* **Activity**:
Some of the lines below need repeating. Reproduce exactly those between the lines holding "thus ?thesis using red_ED[OF" and "ED (red A) x", inclusive.

* **Stored items**:

_ _ _

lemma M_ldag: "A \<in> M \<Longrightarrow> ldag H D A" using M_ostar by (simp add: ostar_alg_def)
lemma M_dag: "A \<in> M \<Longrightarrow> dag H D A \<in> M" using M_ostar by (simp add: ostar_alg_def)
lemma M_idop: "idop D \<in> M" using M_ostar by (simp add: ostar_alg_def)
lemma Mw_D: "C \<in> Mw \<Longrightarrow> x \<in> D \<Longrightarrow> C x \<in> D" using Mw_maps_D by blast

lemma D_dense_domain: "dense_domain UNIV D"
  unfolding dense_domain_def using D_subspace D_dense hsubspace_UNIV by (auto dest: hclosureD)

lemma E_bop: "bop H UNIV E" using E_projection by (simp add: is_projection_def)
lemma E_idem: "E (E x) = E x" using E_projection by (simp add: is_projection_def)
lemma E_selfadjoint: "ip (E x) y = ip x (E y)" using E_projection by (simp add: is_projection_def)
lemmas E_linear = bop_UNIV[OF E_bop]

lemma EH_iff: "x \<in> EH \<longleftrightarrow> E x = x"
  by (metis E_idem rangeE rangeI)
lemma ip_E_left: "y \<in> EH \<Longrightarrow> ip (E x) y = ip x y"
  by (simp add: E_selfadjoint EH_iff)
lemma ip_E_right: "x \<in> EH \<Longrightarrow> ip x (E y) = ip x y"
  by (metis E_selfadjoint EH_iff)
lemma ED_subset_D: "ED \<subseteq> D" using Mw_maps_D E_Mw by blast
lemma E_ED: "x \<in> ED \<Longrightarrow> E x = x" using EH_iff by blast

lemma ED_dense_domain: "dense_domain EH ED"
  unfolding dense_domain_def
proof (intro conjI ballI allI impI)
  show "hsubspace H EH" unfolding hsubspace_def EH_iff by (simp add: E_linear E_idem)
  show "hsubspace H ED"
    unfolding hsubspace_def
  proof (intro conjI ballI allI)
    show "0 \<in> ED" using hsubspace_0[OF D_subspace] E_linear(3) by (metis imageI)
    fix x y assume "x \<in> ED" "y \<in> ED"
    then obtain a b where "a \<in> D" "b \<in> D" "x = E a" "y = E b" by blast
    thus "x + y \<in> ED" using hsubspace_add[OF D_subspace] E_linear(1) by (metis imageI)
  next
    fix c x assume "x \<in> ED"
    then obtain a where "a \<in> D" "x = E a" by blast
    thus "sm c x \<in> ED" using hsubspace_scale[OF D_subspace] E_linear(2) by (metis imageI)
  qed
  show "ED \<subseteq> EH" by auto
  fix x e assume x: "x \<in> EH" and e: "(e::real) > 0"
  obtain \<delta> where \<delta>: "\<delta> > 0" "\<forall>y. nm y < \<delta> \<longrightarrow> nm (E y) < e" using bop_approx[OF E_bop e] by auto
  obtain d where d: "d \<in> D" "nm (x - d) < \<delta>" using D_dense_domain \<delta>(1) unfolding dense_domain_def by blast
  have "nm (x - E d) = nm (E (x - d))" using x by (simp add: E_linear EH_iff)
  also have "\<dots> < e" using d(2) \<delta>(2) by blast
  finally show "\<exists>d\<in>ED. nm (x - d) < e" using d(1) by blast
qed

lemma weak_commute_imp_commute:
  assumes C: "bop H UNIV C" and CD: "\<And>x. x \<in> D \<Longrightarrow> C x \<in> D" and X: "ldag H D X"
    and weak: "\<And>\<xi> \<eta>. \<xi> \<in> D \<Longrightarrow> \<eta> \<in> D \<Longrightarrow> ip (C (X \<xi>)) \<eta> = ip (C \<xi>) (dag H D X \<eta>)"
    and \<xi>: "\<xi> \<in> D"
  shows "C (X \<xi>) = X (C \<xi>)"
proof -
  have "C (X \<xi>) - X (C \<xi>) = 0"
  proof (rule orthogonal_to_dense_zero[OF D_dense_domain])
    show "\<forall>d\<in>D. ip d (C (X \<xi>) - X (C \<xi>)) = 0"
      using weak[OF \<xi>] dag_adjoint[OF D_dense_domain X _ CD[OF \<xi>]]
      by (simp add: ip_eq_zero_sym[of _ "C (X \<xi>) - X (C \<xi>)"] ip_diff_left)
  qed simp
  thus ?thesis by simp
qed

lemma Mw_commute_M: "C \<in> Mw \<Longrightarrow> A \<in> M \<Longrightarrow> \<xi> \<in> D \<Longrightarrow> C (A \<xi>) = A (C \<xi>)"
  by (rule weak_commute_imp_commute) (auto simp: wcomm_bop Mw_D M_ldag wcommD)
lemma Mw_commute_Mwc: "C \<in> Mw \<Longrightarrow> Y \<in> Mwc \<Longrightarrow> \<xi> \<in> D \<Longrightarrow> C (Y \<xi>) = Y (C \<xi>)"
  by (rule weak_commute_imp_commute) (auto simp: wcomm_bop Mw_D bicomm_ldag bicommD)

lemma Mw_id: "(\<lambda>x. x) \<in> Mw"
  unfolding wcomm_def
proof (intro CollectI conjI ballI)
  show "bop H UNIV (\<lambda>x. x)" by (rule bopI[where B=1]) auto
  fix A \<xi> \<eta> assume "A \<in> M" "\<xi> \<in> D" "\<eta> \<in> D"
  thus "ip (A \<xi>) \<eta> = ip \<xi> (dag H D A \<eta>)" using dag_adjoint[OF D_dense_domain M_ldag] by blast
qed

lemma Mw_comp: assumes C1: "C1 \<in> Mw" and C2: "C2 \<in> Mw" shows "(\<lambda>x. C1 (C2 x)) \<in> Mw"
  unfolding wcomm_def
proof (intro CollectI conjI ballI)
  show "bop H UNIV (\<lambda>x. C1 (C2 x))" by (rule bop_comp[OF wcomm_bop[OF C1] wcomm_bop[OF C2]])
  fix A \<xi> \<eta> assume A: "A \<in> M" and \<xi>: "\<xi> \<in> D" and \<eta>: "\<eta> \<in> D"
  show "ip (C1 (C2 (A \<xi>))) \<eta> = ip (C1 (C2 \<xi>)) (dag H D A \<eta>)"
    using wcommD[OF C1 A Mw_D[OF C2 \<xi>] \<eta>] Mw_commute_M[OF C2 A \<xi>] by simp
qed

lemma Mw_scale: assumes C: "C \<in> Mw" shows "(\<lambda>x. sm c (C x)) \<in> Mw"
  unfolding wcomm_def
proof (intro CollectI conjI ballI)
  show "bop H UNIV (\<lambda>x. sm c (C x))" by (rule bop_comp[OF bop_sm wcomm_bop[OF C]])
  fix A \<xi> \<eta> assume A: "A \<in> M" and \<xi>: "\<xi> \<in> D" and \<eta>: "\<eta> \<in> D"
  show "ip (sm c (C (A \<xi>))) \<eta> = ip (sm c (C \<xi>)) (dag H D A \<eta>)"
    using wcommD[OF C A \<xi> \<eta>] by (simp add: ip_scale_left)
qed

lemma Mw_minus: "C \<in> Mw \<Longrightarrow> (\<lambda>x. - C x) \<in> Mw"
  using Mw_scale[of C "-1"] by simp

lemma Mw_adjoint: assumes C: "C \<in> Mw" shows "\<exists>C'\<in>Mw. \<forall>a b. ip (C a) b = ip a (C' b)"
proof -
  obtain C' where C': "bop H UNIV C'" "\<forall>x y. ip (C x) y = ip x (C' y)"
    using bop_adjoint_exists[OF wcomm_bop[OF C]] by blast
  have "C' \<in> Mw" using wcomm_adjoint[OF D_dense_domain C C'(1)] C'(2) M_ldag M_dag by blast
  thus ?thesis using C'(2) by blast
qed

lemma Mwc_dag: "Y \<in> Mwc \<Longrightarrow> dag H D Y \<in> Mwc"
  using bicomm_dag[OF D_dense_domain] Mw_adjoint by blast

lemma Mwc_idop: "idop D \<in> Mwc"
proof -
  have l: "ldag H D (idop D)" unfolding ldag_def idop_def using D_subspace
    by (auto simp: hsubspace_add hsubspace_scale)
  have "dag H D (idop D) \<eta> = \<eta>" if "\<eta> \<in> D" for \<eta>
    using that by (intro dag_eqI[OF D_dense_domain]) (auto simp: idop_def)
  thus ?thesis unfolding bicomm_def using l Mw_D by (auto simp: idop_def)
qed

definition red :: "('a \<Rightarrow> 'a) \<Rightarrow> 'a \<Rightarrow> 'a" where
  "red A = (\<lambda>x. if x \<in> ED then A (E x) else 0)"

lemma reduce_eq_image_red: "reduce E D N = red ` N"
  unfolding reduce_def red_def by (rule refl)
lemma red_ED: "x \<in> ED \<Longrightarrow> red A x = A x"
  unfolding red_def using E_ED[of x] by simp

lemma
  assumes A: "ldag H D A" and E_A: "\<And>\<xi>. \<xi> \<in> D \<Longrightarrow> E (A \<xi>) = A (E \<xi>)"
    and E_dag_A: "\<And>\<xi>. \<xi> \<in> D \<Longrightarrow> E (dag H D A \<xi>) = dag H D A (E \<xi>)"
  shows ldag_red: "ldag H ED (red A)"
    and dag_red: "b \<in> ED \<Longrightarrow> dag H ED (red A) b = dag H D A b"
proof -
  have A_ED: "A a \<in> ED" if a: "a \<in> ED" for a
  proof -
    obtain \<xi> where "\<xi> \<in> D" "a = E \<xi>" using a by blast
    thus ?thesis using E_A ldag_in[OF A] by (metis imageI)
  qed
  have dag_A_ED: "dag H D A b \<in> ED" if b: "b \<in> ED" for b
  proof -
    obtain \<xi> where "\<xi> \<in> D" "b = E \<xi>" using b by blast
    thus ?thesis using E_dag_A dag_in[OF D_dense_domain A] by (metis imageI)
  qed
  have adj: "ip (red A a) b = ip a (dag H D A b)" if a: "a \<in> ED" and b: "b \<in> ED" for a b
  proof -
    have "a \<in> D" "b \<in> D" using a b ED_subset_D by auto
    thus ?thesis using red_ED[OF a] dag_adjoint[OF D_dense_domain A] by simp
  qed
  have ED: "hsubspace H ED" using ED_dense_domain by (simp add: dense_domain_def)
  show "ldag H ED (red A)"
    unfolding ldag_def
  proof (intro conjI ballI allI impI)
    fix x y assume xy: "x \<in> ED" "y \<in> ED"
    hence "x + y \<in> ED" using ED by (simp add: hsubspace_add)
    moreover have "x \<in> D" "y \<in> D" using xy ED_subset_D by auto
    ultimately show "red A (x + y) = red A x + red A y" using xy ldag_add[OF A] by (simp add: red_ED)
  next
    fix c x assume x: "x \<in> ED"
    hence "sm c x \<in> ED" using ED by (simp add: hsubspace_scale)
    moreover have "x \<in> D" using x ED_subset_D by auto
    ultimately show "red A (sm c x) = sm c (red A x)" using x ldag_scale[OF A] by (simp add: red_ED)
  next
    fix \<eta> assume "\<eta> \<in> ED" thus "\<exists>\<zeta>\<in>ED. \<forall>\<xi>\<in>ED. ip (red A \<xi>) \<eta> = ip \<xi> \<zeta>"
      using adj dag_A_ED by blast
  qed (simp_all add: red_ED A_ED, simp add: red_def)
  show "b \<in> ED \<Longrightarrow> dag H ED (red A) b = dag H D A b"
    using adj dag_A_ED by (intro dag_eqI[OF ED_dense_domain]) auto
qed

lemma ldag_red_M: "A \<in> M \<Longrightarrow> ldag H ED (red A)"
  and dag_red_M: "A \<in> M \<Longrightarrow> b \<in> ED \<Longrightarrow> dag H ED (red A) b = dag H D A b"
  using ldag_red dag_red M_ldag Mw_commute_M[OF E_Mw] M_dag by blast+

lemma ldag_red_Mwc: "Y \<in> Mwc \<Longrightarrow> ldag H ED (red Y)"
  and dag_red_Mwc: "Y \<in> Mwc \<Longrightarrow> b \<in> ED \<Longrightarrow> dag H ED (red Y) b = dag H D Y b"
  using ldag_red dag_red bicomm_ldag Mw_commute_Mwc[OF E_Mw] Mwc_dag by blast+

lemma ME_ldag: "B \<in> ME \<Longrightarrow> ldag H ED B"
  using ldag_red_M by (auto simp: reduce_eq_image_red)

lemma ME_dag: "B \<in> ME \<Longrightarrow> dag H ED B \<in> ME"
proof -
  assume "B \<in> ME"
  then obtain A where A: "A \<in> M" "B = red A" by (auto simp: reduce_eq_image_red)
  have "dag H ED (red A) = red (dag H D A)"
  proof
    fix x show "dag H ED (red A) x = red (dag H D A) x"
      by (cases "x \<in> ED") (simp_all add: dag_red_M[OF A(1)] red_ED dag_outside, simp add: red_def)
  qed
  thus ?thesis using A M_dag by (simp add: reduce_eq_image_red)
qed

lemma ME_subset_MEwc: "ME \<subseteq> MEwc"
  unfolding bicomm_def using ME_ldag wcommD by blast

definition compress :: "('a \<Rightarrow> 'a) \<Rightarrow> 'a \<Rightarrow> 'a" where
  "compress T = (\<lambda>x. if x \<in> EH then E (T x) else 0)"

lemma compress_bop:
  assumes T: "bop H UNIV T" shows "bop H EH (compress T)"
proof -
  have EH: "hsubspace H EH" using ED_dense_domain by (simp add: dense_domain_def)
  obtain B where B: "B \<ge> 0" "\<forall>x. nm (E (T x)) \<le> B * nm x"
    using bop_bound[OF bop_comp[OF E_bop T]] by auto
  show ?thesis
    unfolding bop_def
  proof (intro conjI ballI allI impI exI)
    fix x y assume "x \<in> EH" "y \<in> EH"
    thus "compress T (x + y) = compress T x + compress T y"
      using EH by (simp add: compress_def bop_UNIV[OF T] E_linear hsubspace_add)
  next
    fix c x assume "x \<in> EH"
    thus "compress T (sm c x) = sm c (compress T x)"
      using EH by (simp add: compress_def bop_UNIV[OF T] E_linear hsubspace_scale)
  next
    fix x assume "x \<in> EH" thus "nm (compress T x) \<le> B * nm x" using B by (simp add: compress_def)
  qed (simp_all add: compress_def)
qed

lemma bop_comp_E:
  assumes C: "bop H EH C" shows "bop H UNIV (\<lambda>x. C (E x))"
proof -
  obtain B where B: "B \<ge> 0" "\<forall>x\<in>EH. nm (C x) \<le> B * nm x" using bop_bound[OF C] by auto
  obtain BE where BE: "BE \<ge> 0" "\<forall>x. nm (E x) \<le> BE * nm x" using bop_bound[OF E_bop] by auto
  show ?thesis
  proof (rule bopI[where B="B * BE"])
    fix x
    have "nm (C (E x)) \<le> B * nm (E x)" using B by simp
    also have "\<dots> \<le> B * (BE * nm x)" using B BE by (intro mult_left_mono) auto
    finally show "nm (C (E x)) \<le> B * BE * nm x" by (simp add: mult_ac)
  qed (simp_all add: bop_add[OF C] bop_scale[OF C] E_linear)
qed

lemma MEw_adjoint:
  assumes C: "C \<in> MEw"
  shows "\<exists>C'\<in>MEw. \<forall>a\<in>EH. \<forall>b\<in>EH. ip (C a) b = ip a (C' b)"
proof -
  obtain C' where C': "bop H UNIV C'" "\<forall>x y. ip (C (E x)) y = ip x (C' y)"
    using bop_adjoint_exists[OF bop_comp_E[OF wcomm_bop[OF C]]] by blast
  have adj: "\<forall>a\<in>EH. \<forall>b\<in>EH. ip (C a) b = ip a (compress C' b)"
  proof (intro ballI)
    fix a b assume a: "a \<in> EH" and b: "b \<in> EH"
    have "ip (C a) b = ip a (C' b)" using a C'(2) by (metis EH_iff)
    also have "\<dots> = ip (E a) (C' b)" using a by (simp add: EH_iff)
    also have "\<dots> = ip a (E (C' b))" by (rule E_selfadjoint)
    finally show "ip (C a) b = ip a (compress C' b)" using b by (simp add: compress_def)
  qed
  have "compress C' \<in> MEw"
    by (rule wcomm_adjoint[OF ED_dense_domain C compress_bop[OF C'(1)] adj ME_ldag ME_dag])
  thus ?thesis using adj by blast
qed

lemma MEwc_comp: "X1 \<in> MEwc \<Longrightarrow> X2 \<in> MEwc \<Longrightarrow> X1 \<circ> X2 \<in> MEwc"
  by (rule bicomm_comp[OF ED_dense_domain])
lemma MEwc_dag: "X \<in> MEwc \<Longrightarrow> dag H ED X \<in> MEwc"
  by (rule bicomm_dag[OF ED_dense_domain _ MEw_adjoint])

_ _ _

* **Answer for the task**:
    thus ?thesis using red_ED[OF a] dag_adjoint[OF D_dense_domain A] by simp
  qed
  have ED: "hsubspace H ED" using ED_dense_domain by (simp add: dense_domain_def)
  show "ldag H ED (red A)"
    unfolding ldag_def
  proof (intro conjI ballI allI impI)
    fix x y assume xy: "x \<in> ED" "y \<in> ED"
    hence "x + y \<in> ED" using ED by (simp add: hsubspace_add)
    moreover have "x \<in> D" "y \<in> D" using xy ED_subset_D by auto
    ultimately show "red A (x + y) = red A x + red A y" using xy ldag_add[OF A] by (simp add: red_ED)
  next
    fix c x assume x: "x \<in> ED"
    hence "sm c x \<in> ED" using ED by (simp add: hsubspace_scale)
    moreover have "x \<in> D" using x ED_subset_D by auto
    ultimately show "red A (sm c x) = sm c (red A x)" using x ldag_scale[OF A] by (simp add: red_ED)
  next
    fix \<eta> assume "\<eta> \<in> ED" thus "\<exists>\<zeta>\<in>ED. \<forall>\<xi>\<in>ED. ip (red A \<xi>) \<eta> = ip \<xi> \<zeta>"
      using adj dag_A_ED by blast
  qed (simp_all add: red_ED A_ED, simp add: red_def)
  show "b \<in> ED \<Longrightarrow> dag H ED (red A) b = dag H D A b"
    using adj dag_A_ED by (intro dag_eqI[OF ED_dense_domain]) auto
qed

lemma ldag_red_M: "A \<in> M \<Longrightarrow> ldag H ED (red A)"
  and dag_red_M: "A \<in> M \<Longrightarrow> b \<in> ED \<Longrightarrow> dag H ED (red A) b = dag H D A b"
  using ldag_red dag_red M_ldag Mw_commute_M[OF E_Mw] M_dag by blast+

lemma ldag_red_Mwc: "Y \<in> Mwc \<Longrightarrow> ldag H ED (red Y)"
  and dag_red_Mwc: "Y \<in> Mwc \<Longrightarrow> b \<in> ED \<Longrightarrow> dag H ED (red Y) b = dag H D Y b"
  using ldag_red dag_red bicomm_ldag Mw_commute_Mwc[OF E_Mw] Mwc_dag by blast+

lemma ME_ldag: "B \<in> ME \<Longrightarrow> ldag H ED B"
  using ldag_red_M by (auto simp: reduce_eq_image_red)

lemma ME_dag: "B \<in> ME \<Longrightarrow> dag H ED B \<in> ME"
proof -
  assume "B \<in> ME"
  then obtain A where A: "A \<in> M" "B = red A" by (auto simp: reduce_eq_image_red)
  have "dag H ED (red A) = red (dag H D A)"
  proof
    fix x show "dag H ED (red A) x = red (dag H D A) x"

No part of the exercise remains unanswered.